Week 3: ANOVA assumptions, power and mean comparison Flashcards
what is the underlying ANOVA equation?
Score = Grand mean + treatment effect + residual error (measurement and individual differences)
Essentially, how does ANOVA break down variance? and what does the comparison of this breakdown produce?
Into 2 parts
- Variance due to treatment
- Error variance
Comparison of these two variances produces the F STATISTIC
What are the assumptions of a between ANOVA?
Homogeneity of variance: SD for all groups is about the same
Normality: error is normally distributed
Independence of observation: truly between design
How do you test the assumption of homogeneity of variance?
Levenes test
- if statistically significant the null is rejected. this means that there is a difference somewhere do homogeneity is violated
What do you do if Levenes test is significant?
You can look up density plots to find the culprit
can be violated without grave consequences as long as sample sizes are equal
What can you use to test the assumption of normality?
Shapiro WIlk
If significant, assumption of normality is violated
can also look at histograms, distribution plots, skewness and kurtosis
What happens if normality is violated?
Typically its not a big issue
ANOVA still tends to be robust in terms of normality violations
How do you report that you have used a non-parametric version of an ANOVA?
‘Similar results were found using non-parametric….’

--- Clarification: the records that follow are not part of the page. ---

(* A list with descents in S splits after position s into an arrangement of A - B with descents
   in S - {s}, followed by the increasing list of the remaining letters B. *)
lemma bij_betw_split_last_block:
  assumes A: "finite A" and s: "s \<in> S" "\<forall>x\<in>S. x \<le> s" "s \<le> card A"
  shows "bij_betw (\<lambda>(B, ys). ys @ sorted_list_of_set B)
    (SIGMA B:{B. B \<subseteq> A \<and> card B = card A - s}. {ys \<in> permutations_of_set (A - B). list_descents ys \<subseteq> S - {s}})
    {xs \<in> permutations_of_set A. list_descents xs \<subseteq> S}"
    (is "bij_betw ?join ?Dom ?Lists")
proof (rule bij_betw_byWitness[where f' = "\<lambda>xs. (set (drop s xs), take s xs)"])
  have length_ys: "length ys = s" if "B \<subseteq> A" "card B = card A - s" "ys \<in> permutations_of_set (A - B)" for B ys
    using that A s(3) by (auto simp: length_finite_permutations_of_set card_Diff_subset finite_subset)
  have split_iff: "list_descents xs \<subseteq> S \<longleftrightarrow>
      list_descents (take s xs) \<subseteq> S - {s} \<and> sorted (drop s xs)" if "xs \<in> permutations_of_set A" for xs
    using that s by (intro list_descents_subset_iff_split) (auto simp: length_finite_permutations_of_set)
  show "\<forall>a\<in>?Dom. (set (drop s (?join a)), take s (?join a)) = a"
  proof
    fix a assume "a \<in> ?Dom"
    then obtain B ys where a: "a = (B, ys)" "B \<subseteq> A" "card B = card A - s" "ys \<in> permutations_of_set (A - B)"
      by auto
    moreover have "finite B"
      using a(2) A finite_subset by blast
    ultimately show "(set (drop s (?join a)), take s (?join a)) = a"
      using length_ys by simp
  qed
  show "\<forall>xs\<in>?Lists. ?join (set (drop s xs), take s xs) = xs"
    using split_iff by (auto simp: permutations_of_set_def sorted_list_of_set_sort_remdups
        distinct_remdups_id sorted_sort_id)
  show "?join ` ?Dom \<subseteq> ?Lists"
  proof
    fix xs assume "xs \<in> ?join ` ?Dom"
    then obtain B ys where xs: "xs = ys @ sorted_list_of_set B" and B: "B \<subseteq> A" "card B = card A - s"
      and ys: "ys \<in> permutations_of_set (A - B)" "list_descents ys \<subseteq> S - {s}"
      by auto
    have "finite B"
      using B(1) A finite_subset by blast
    then show "xs \<in> ?Lists"
      using split_iff append_sorted_list_of_set_in_permutations[OF A B(1) ys(1)] length_ys[OF B ys(1)] ys(2)
      by (simp add: xs)
  qed
  show "(\<lambda>xs. (set (drop s xs), take s xs)) ` ?Lists \<subseteq> ?Dom"
  proof
    fix a assume "a \<in> (\<lambda>xs. (set (drop s xs), take s xs)) ` ?Lists"
    then obtain xs where a: "a = (set (drop s xs), take s xs)"
      and xs: "xs \<in> permutations_of_set A" "list_descents xs \<subseteq> S"
      by blast
    then have "set (drop s xs) \<subseteq> A" "card (set (drop s xs)) = card A - s"
      by (auto simp: permutations_of_set_def distinct_card dest: in_set_dropD)
    then show "a \<in> ?Dom"
      using xs split_iff take_in_permutations_of_set by (auto simp: a)
  qed
qed

lemma count_descents_subset_split:
  assumes "finite A" "s \<in> S" "\<forall>x\<in>S. x \<le> s" "s \<le> card A"
  shows "count_descents_subset A S =
    (\<Sum>B | B \<subseteq> A \<and> card B = card A - s. count_descents_subset (A - B) (S - {s}))"
  unfolding count_descents_subset_def
  using bij_betw_same_card[OF bij_betw_split_last_block[OF assms]] assms(1)
  by (simp add: card_SigmaI)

What are quantile-quantile plots?
They look at normality assumption.
Chop data up into how many scores are in each quantile and compare it against what we would expect in that quantile for a normal distribution.
Straight line = perfect
Deviations = bad
What happens to the ANOVA if assumptions are violated?
If you arent confident, can use non-parametric versions of the test
This can then increase confidence in results
What is skewness of data?
Deviations from typical bell curve of data distribution
- asymmetrical
Explain positive and negative data skewness
Negative skew: Have a long tail towards low values in the data (more low scores than expected)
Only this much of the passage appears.